Trudeau was talking about what he saw as the bad old days of the party, when Liberals identified themselves by their loyalty to either Jean Chrétien or Paul Martin.

Are those days over? Yes. But do the grudges linger? Definitely, judging by the some of the startling tales unearthed by Bob Plamondon for his fascinating, new book on Chrétien, The Shawinigan Fox.

It’s been billed as a tale of how Chrétien may have been the most conservative prime minister Canada has ever had—an intriguing premise, certainly backed up in this meticulously researched book.

But The Shawinigan Fox is much more than that—it is a sustained attack on Martin’s legacy and especially his takeover of the Liberal party, told from the point of view of Chrétien and a number of his allies from those years. Chrétien gave Plamondon an extensive interview and access during the writing of this book and was present at the book launch. Martin did not co-operate; nor did most of his former supporters. It shows.

Still, even for those of us who have written extensively on those battles (this reviewer, full disclosure, wrote a book on that subject) there is a lot of new information here; evidence of just how deep, angry and wide the divisions ran in the days of hyphenated Liberalism.

The book features a new play-by-play account of those days in June 2002, for instance, when Martin finally ended up out of Chrétien’s cabinet. It takes us to the very cabinet table when Chrétien ordered all leadership aspirants to stand down. Allan Rock, then the justice minister, makes a joke at his own expense. Martin, in this account, flatly denies that he’s raising money for a leadership bid.

This moment seemed to be some kind of turning point for former deputy prime minister John Manley, who is extensively quoted in The Shawinigan Fox and obviously one of Plamondon’s major sources for the book.

“For me, it was a fundamental point where I knew I could never support Martin,” Manley is quoted as saying. “He flat-out lied to cabinet.” A few days later, Manley recalls a phone conversation he had with Martin, as he was getting ready to take over the finance job. He was telling Martin that things were getting out of control and “you aren’t looking good in this.”

T hat warning could well apply
to The Shawinigan Fox too—Martin most certainly does not look good in this book. What we have here, essentially, is the history that Chrétien and some of his allies have been waiting years to tell—a counter-narrative, served icy cold.

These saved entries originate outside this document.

(* For every family of pointed spaces $\{(X_i,x_i)\}_{i\in I}$, $$\mathcal{H}_\infty\Big(\prod_{i\in I}X_i,x_\ast\Big)\cong\prod_{i\in I}\mathcal{H}_\infty(X_i,x_i),$$ where $x_\ast=(x_i)_{i\in I}\in\prod_{i\in I}X_i$ (product topology).
   Context: For $n\geq1$, $\mathbb{H}^n=\{(r_0,\dots,r_n)\in\mathbb{R}^{n+1} : (r_0-1/k)^2+\sum_{i=1}^n r_i^2=(1/k)^2 \text{ for some } k\in\mathbb{N}\}$ is the $n$-dimensional Hawaiian earring with base point $\theta$ (the origin); $S^n_k$ is its sphere of radius $1/k$. $\mathbb{H}^\infty$ is the weak join of $\{(\mathbb{H}^n,\theta)\}_{n\in\mathbb{N}}$: the disjoint union with all base points identified to $\theta$, where $U$ is open iff $U\cap\mathbb{H}^n$ is open in $\mathbb{H}^n$ for all $n$ and, if $\theta\in U$, then $\mathbb{H}^n\subseteq U$ for all but finitely many $n$. $\mathcal{H}_\infty(X,x_0)$ is the set of pointed homotopy classes (rel $\{\theta\}$) of continuous maps $(\mathbb{H}^\infty,\theta)\to(X,x_0)$, with group operation $[f][g]=[f\ast g]$ where on each sphere $S^n_k\subseteq\mathbb{H}^n$, $(f\ast g)|_{S^n_k}$ is the usual $\pi_n$-concatenation of $f|_{S^n_k}$ and $g|_{S^n_k}$. *)

theory Defs
  imports "HOL-Analysis.Analysis" "HOL-Algebra.Product_Groups"
begin

text \<open>A point (r_0,...,r_n) of R^(n+1) is a function r :: nat => real with r i = 0 for i > n.
  The ambient topology is the product topology on nat => real, which restricted to
  functions supported on {0..n} is the Euclidean topology of R^(n+1).\<close>

definition Rtop :: "(nat \<Rightarrow> real) topology" where
  "Rtop = product_topology (\<lambda>_. euclideanreal) UNIV"

definition sph :: "nat \<Rightarrow> nat \<Rightarrow> (nat \<Rightarrow> real) set" where
  "sph n k = {r. (\<forall>i>n. r i = 0) \<and>
      (r 0 - 1 / real k)^2 + (\<Sum>i=1..n. (r i)^2) = (1 / real k)^2}"

definition Hn :: "nat \<Rightarrow> (nat \<Rightarrow> real) set" where
  "Hn n = (\<Union>k\<in>{1..}. sph n k)"

definition Hn_top :: "nat \<Rightarrow> (nat \<Rightarrow> real) topology" where
  "Hn_top n = subtopology Rtop (Hn n)"

text \<open>Points of H^infinity: the base point thetaH = (0, 0), and pairs (n, r) with n >= 1,
  r in H^n, r distinct from the origin.\<close>

definition thetaH :: "nat \<times> (nat \<Rightarrow> real)" where
  "thetaH = (0, (\<lambda>_. 0))"

definition emb :: "nat \<Rightarrow> (nat \<Rightarrow> real) \<Rightarrow> nat \<times> (nat \<Rightarrow> real)" where
  "emb n r = (if r = (\<lambda>_. 0) then thetaH else (n, r))"

definition Hinf_set :: "(nat \<times> (nat \<Rightarrow> real)) set" where
  "Hinf_set = insert thetaH (\<Union>n\<in>{1..}. emb n ` Hn n)"

definition Hinf_top :: "(nat \<times> (nat \<Rightarrow> real)) topology" where
  "Hinf_top = topology (\<lambda>U. U \<subseteq> Hinf_set
      \<and> (\<forall>n\<ge>1. openin (Hn_top n) {r \<in> Hn n. emb n r \<in> U})
      \<and> (thetaH \<in> U \<longrightarrow> (\<forall>\<^sub>F n in sequentially. emb n ` Hn n \<subseteq> U)))"

text \<open>I^n as functions t :: nat => real with t i in [0,1] for i < n and t i = 0 otherwise;
  coordinate 0 is the concatenation coordinate.\<close>

definition Icube :: "nat \<Rightarrow> (nat \<Rightarrow> real) set" where
  "Icube n = {t. (\<forall>i<n. 0 \<le> t i \<and> t i \<le> 1) \<and> (\<forall>i\<ge>n. t i = 0)}"

definition cube_bd :: "nat \<Rightarrow> (nat \<Rightarrow> real) set" where
  "cube_bd n = {t \<in> Icube n. \<exists>i<n. t i = 0 \<or> t i = 1}"

text \<open>An identification of I^n / boundary with the sphere S^n_k sending the boundary to the
  base point (the origin): a continuous surjection I^n -> S^n_k, mapping the boundary to the
  origin and the interior injectively onto S^n_k minus the origin.\<close>

definition std_param :: "(nat \<Rightarrow> nat \<Rightarrow> (nat \<Rightarrow> real) \<Rightarrow> (nat \<Rightarrow> real)) \<Rightarrow> bool" where
  "std_param q \<longleftrightarrow> (\<forall>n\<ge>1. \<forall>k\<ge>1.
      continuous_map (subtopology Rtop (Icube n)) (subtopology Rtop (sph n k)) (q n k)
    \<and> q n k ` Icube n = sph n k
    \<and> (\<forall>t\<in>cube_bd n. q n k t = (\<lambda>_. 0))
    \<and> (\<forall>t\<in>Icube n - cube_bd n. q n k t \<noteq> (\<lambda>_. 0))
    \<and> inj_on (q n k) (Icube n - cube_bd n))"

text \<open>(f * g) restricted to each sphere S^n_k is the usual pi_n concatenation of f and g
  restricted to S^n_k (with respect to the identification q).\<close>

definition hconcat ::
  "(nat \<Rightarrow> nat \<Rightarrow> (nat \<Rightarrow> real) \<Rightarrow> (nat \<Rightarrow> real))
   \<Rightarrow> (nat \<times> (nat \<Rightarrow> real) \<Rightarrow> 'a) \<Rightarrow> (nat \<times> (nat \<Rightarrow> real) \<Rightarrow> 'a)
   \<Rightarrow> nat \<times> (nat \<Rightarrow> real) \<Rightarrow> 'a" where
  "hconcat q f g p =
    (if p = thetaH then f thetaH
     else (let n = fst p; r = snd p;
               k = (THE k. k \<ge> 1 \<and> r \<in> sph n k);
               t = (THE t. t \<in> Icube n - cube_bd n \<and> q n k t = r)
           in if t 0 \<le> 1/2 then f (emb n (q n k (t(0 := 2 * t 0))))
              else g (emb n (q n k (t(0 := 2 * t 0 - 1))))))"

Manley, who attempted a leadership run against Martin, but stood down months before the 2003 coronation, talks repeatedly in the book of Martin’s alleged lying.  Rock, who also tried but abandoned a leadership run, talks about the “unhealthy” climate of unchecked ambition among the Martin team. Another former deputy prime minister, Sheila Copps, gives a withering rundown of Martin’s efforts to rid the Liberals of all of Chrétien’s loyalists after he took power in late 2003. (Copps herself was pushed out in a nomination challenge for her long-time Hamilton riding.)

Eddie Goldenberg, Chrétien’s former principal secretary and longtime confidant, is very much present in this book, too—at his old boss’s side still, but a little more candid about his feelings about the former finance minister. “Martin was iffy on many issues. If he was in a room with one hundred people and 98 people agreed with him he would spend his time trying to bring the other two onside,” Goldenberg is quoted as saying.

This is Plamondon’s fifth book. Up until this one, his work has focused mainly on conservative politicians throughout Canadian history. The Shawinigan Fox may actually be consistent with that theme—certainly Plamondon makes the case for Chrétien as an ideological conservative.

Some reviewers have criticized the book as too friendly to Chrétien and, as a corollary, too unfriendly to Martin. But as Plamondon himself illustrates in the book, that’s kind of what happened in the days of hyphenated Liberalism—if you liked Chrétien, you didn’t like Martin, and vice versa. Internal party feuds will do that to people.

For those who tried to stay in the middle, this book adds a significant amount of detail and never-before-told tales from behind the scenes of one of the biggest family feuds in Canadian political history.

It’s the history that Trudeau has been keen to put behind the Liberals—understandably, you’ll agree, after reading The Shawinigan Fox.